Records from a data collection:
------------------------------------------------

lemma exists_subset_potential_le:
  fixes \<Phi> :: "nat \<Rightarrow> 'a set \<Rightarrow> real"
  assumes "finite S" "n \<le> card S"
    and "\<And>i X. i < n \<Longrightarrow> X \<subseteq> S \<Longrightarrow> card X = i \<Longrightarrow>
           (\<Sum>s\<in>S - X. \<Phi> (Suc i) (insert s X)) \<le> real (card (S - X)) * \<Phi> i X"
  shows "\<exists>X\<subseteq>S. card X = n \<and> \<Phi> n X \<le> \<Phi> 0 {}"
  using assms(2,3)
proof (induction n)
  case 0
  show ?case
    by (intro exI[of _ "{}"]) simp
next
  case (Suc n)
  have "\<exists>X\<subseteq>S. card X = n \<and> \<Phi> n X \<le> \<Phi> 0 {}"
    using Suc.prems by (intro Suc.IH) auto
  then obtain X where X: "X \<subseteq> S" "card X = n" "\<Phi> n X \<le> \<Phi> 0 {}"
    by blast
  have "finite X"
    using X(1) assms(1) finite_subset by blast
  then have "card (S - X) = card S - n"
    using X(1,2) by (simp add: card_Diff_subset)
  then have "S - X \<noteq> {}"
    using Suc.prems(1) by (intro notI) simp
  moreover have "(\<Sum>s\<in>S - X. \<Phi> (Suc n) (insert s X)) \<le> real (card (S - X)) * \<Phi> n X"
    using Suc.prems(2) X(1,2) by simp
  ultimately obtain s where s: "s \<in> S - X" "\<Phi> (Suc n) (insert s X) \<le> \<Phi> n X"
    using exists_le_of_sum_le_card_mult[of "S - X"] assms(1) by auto
  have "insert s X \<subseteq> S" "card (insert s X) = Suc n" "\<Phi> (Suc n) (insert s X) \<le> \<Phi> 0 {}"
    using s X \<open>finite X\<close> by auto
  then show ?case
    by blast
qed

lemma min_sum_le_sum_min:
  fixes h :: "'a \<Rightarrow> real"
  assumes "finite R" "\<And>s. s \<in> R \<Longrightarrow> 0 \<le> h s" "0 \<le> d"
  shows "min d (\<Sum>s\<in>R. h s) \<le> (\<Sum>s\<in>R. min d (h s))"
  using assms
proof (induction R rule: finite_induct)
  case empty
  then show ?case
    by simp
next
  case (insert x F)
  have min_add: "min d (u + v) \<le> min d u + min d v" if "0 \<le> u" "0 \<le> v" for u v :: real
    using that insert.prems(2) by (auto simp: min_def)
  have "min d (h x + (\<Sum>s\<in>F. h s)) \<le> min d (h x) + min d (\<Sum>s\<in>F. h s)"
    using insert.prems(1) by (intro min_add) (auto intro: sum_nonneg)
  also have "\<dots> \<le> min d (h x) + (\<Sum>s\<in>F. min d (h s))"
    using insert.IH insert.prems by (intro add_left_mono) blast
  finally show ?case
    using insert.hyps by simp
qed

text \<open>Replacing the weight \<open>q/(r - 1)\<close> of step \<open>i + 1\<close> by the weight \<open>q/r\<close> of step \<open>i\<close>
absorbs the second-order loss, which is at most \<open>K = a\<theta>\<^sup>2P/2\<close>.\<close>

lemma potential_exponent_le:
  fixes q r \<theta> a D P :: real
  assumes "1 < r" "0 \<le> q" "0 \<le> a" "0 \<le> D" "D \<le> P"
  shows "q / (r - 1) * (\<theta> * D - a * \<theta>\<^sup>2 * P / 2) - q / (r - 1) * \<theta> * (1 - \<theta> * a / 2) * D / r
           \<le> q / r * (\<theta> * D - a * \<theta>\<^sup>2 * P / 2)"
proof -
  define c where "c = q / (r * (r - 1))"
  define E where "E = \<theta> * D - a * \<theta>\<^sup>2 * P / 2"
  have "q / (r - 1) - q / r = c"
    using assms(1) by (simp add: c_def field_simps)
  moreover have "q / (r - 1) * \<theta> * (1 - \<theta> * a / 2) * D / r = c * (\<theta> * (1 - \<theta> * a / 2) * D)"
    by (simp add: c_def ac_simps)
  ultimately have "q / (r - 1) * E - q / (r - 1) * \<theta> * (1 - \<theta> * a / 2) * D / r - q / r * E
                     = c * (E - \<theta> * (1 - \<theta> * a / 2) * D)"
    by (metis left_diff_distrib right_diff_distrib diff_diff_eq2 diff_right_commute)
  also have "\<dots> = c * (a * \<theta>\<^sup>2 * (D - P) / 2)"
    by (simp add: E_def power2_eq_square algebra_simps)
  also have "\<dots> \<le> 0"
    using assms by (intro mult_nonneg_nonpos) (auto simp: c_def mult_nonneg_nonpos)
  finally show ?thesis
    by (simp add: E_def)
qed

definition deficit :: "('a set \<Rightarrow> real) \<Rightarrow> real \<Rightarrow> 'a set \<Rightarrow> real" where
  "deficit g P X = max 0 (P - g X)"

lemma deficit_nonneg: "0 \<le> deficit g P X"
  by (simp add: deficit_def)

lemma target_diff_le_deficit: "P - g X \<le> deficit g P X"
  by (simp add: deficit_def)

text \<open>Abstracts \<open>X \<mapsto> f\<^sub>c(X \<union> T)\<close> on the subsets of an optimal set \<open>S\<close> of value \<open>P\<close>;
\<open>gain_cover\<close> is the only consequence of submodularity that the argument needs.\<close>

locale target_cover =
  fixes S :: "'a set" and g :: "'a set \<Rightarrow> real" and P a :: real
  assumes finite_S: "finite S"
    and mono: "X \<subseteq> Y \<Longrightarrow> Y \<subseteq> S \<Longrightarrow> g X \<le> g Y"
    and nonneg: "X \<subseteq> S \<Longrightarrow> 0 \<le> g X"
    and gain_le: "X \<subseteq> S \<Longrightarrow> s \<in> S \<Longrightarrow> g (insert s X) - g X \<le> a"
    and gain_cover: "X \<subseteq> S \<Longrightarrow> g S - g X \<le> (\<Sum>s\<in>S - X. g (insert s X) - g X)"
    and target_le: "P \<le> g S"
    and target_nonneg: "0 \<le> P"
    and gain_bound_nonneg: "0 \<le> a"
begin

abbreviation D :: "'a set \<Rightarrow> real" where
  "D \<equiv> deficit g P"

lemma deficit_le_target: "X \<subseteq> S \<Longrightarrow> D X \<le> P"
  using nonneg[of X] target_nonneg by (simp add: deficit_def)

lemma card_Diff_real: "X \<subseteq> S \<Longrightarrow> real (card (S - X)) = real (card S) - real (card X)"
  using finite_S by (simp add: card_Diff_subset finite_subset card_mono of_nat_diff)

lemma deficit_decrease_bounds:
  assumes "X \<subseteq> S" "s \<in> S"
  shows "0 \<le> D X - D (insert s X)" "D X - D (insert s X) \<le> a"
proof -
  have "g X \<le> g (insert s X)" "g (insert s X) - g X \<le> a"
    using assms by (auto intro: mono gain_le)
  then show "0 \<le> D X - D (insert s X)" "D X - D (insert s X) \<le> a"
    using gain_bound_nonneg by (auto simp: deficit_def max_def)
qed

------------------------------------------------

WORK TASK -
Could you reproduce all of the entries exactly as they appear?

OUTPUT FOR THIS EXERCISE -
lemma exists_subset_potential_le:
  fixes \<Phi> :: "nat \<Rightarrow> 'a set \<Rightarrow> real"
  assumes "finite S" "n \<le> card S"
    and "\<And>i X. i < n \<Longrightarrow> X \<subseteq> S \<Longrightarrow> card X = i \<Longrightarrow>
           (\<Sum>s\<in>S - X. \<Phi> (Suc i) (insert s X)) \<le> real (card (S - X)) * \<Phi> i X"
  shows "\<exists>X\<subseteq>S. card X = n \<and> \<Phi> n X \<le> \<Phi> 0 {}"
  using assms(2,3)
proof (induction n)
  case 0
  show ?case
    by (intro exI[of _ "{}"]) simp
next
  case (Suc n)
  have "\<exists>X\<subseteq>S. card X = n \<and> \<Phi> n X \<le> \<Phi> 0 {}"
    using Suc.prems by (intro Suc.IH) auto
  then obtain X where X: "X \<subseteq> S" "card X = n" "\<Phi> n X \<le> \<Phi> 0 {}"
    by blast
  have "finite X"
    using X(1) assms(1) finite_subset by blast
  then have "card (S - X) = card S - n"
    using X(1,2) by (simp add: card_Diff_subset)
  then have "S - X \<noteq> {}"
    using Suc.prems(1) by (intro notI) simp
  moreover have "(\<Sum>s\<in>S - X. \<Phi> (Suc n) (insert s X)) \<le> real (card (S - X)) * \<Phi> n X"
    using Suc.prems(2) X(1,2) by simp
  ultimately obtain s where s: "s \<in> S - X" "\<Phi> (Suc n) (insert s X) \<le> \<Phi> n X"
    using exists_le_of_sum_le_card_mult[of "S - X"] assms(1) by auto
  have "insert s X \<subseteq> S" "card (insert s X) = Suc n" "\<Phi> (Suc n) (insert s X) \<le> \<Phi> 0 {}"
    using s X \<open>finite X\<close> by auto
  then show ?case
    by blast
qed

lemma min_sum_le_sum_min:
  fixes h :: "'a \<Rightarrow> real"
  assumes "finite R" "\<And>s. s \<in> R \<Longrightarrow> 0 \<le> h s" "0 \<le> d"
  shows "min d (\<Sum>s\<in>R. h s) \<le> (\<Sum>s\<in>R. min d (h s))"
  using assms
proof (induction R rule: finite_induct)
  case empty
  then show ?case
    by simp
next
  case (insert x F)
  have min_add: "min d (u + v) \<le> min d u + min d v" if "0 \<le> u" "0 \<le> v" for u v :: real
    using that insert.prems(2) by (auto simp: min_def)
  have "min d (h x + (\<Sum>s\<in>F. h s)) \<le> min d (h x) + min d (\<Sum>s\<in>F. h s)"
    using insert.prems(1) by (intro min_add) (auto intro: sum_nonneg)
  also have "\<dots> \<le> min d (h x) + (\<Sum>s\<in>F. min d (h s))"
    using insert.IH insert.prems by (intro add_left_mono) blast
  finally show ?case
    using insert.hyps by simp
qed

text \<open>Replacing the weight \<open>q/(r - 1)\<close> of step \<open>i + 1\<close> by the weight \<open>q/r\<close> of step \<open>i\<close>
absorbs the second-order loss, which is at most \<open>K = a\<theta>\<^sup>2P/2\<close>.\<close>

lemma potential_exponent_le:
  fixes q r \<theta> a D P :: real
  assumes "1 < r" "0 \<le> q" "0 \<le> a" "0 \<le> D" "D \<le> P"
  shows "q / (r - 1) * (\<theta> * D - a * \<theta>\<^sup>2 * P / 2) - q / (r - 1) * \<theta> * (1 - \<theta> * a / 2) * D / r
           \<le> q / r * (\<theta> * D - a * \<theta>\<^sup>2 * P / 2)"
proof -
  define c where "c = q / (r * (r - 1))"
  define E where "E = \<theta> * D - a * \<theta>\<^sup>2 * P / 2"
  have "q / (r - 1) - q / r = c"
    using assms(1) by (simp add: c_def field_simps)
  moreover have "q / (r - 1) * \<theta> * (1 - \<theta> * a / 2) * D / r = c * (\<theta> * (1 - \<theta> * a / 2) * D)"
    by (simp add: c_def ac_simps)
  ultimately have "q / (r - 1) * E - q / (r - 1) * \<theta> * (1 - \<theta> * a / 2) * D / r - q / r * E
                     = c * (E - \<theta> * (1 - \<theta> * a / 2) * D)"
    by (metis left_diff_distrib right_diff_distrib diff_diff_eq2 diff_right_commute)
  also have "\<dots> = c * (a * \<theta>\<^sup>2 * (D - P) / 2)"
    by (simp add: E_def power2_eq_square algebra_simps)
  also have "\<dots> \<le> 0"
    using assms by (intro mult_nonneg_nonpos) (auto simp: c_def mult_nonneg_nonpos)
  finally show ?thesis
    by (simp add: E_def)
qed

definition deficit :: "('a set \<Rightarrow> real) \<Rightarrow> real \<Rightarrow> 'a set \<Rightarrow> real" where
  "deficit g P X = max 0 (P - g X)"

lemma deficit_nonneg: "0 \<le> deficit g P X"
  by (simp add: deficit_def)

lemma target_diff_le_deficit: "P - g X \<le> deficit g P X"
  by (simp add: deficit_def)

text \<open>Abstracts \<open>X \<mapsto> f\<^sub>c(X \<union> T)\<close> on the subsets of an optimal set \<open>S\<close> of value \<open>P\<close>;
\<open>gain_cover\<close> is the only consequence of submodularity that the argument needs.\<close>

locale target_cover =
  fixes S :: "'a set" and g :: "'a set \<Rightarrow> real" and P a :: real
  assumes finite_S: "finite S"
    and mono: "X \<subseteq> Y \<Longrightarrow> Y \<subseteq> S \<Longrightarrow> g X \<le> g Y"
    and nonneg: "X \<subseteq> S \<Longrightarrow> 0 \<le> g X"
    and gain_le: "X \<subseteq> S \<Longrightarrow> s \<in> S \<Longrightarrow> g (insert s X) - g X \<le> a"
    and gain_cover: "X \<subseteq> S \<Longrightarrow> g S - g X \<le> (\<Sum>s\<in>S - X. g (insert s X) - g X)"
    and target_le: "P \<le> g S"
    and target_nonneg: "0 \<le> P"
    and gain_bound_nonneg: "0 \<le> a"
begin

abbreviation D :: "'a set \<Rightarrow> real" where
  "D \<equiv> deficit g P"

lemma deficit_le_target: "X \<subseteq> S \<Longrightarrow> D X \<le> P"
  using nonneg[of X] target_nonneg by (simp add: deficit_def)

lemma card_Diff_real: "X \<subseteq> S \<Longrightarrow> real (card (S - X)) = real (card S) - real (card X)"
  using finite_S by (simp add: card_Diff_subset finite_subset card_mono of_nat_diff)

lemma deficit_decrease_bounds:
  assumes "X \<subseteq> S" "s \<in> S"
  shows "0 \<le> D X - D (insert s X)" "D X - D (insert s X) \<le> a"
proof -
  have "g X \<le> g (insert s X)" "g (insert s X) - g X \<le> a"
    using assms by (auto intro: mono gain_le)
  then show "0 \<le> D X - D (insert s X)" "D X - D (insert s X) \<le> a"
    using gain_bound_nonneg by (auto simp: deficit_def max_def)
qed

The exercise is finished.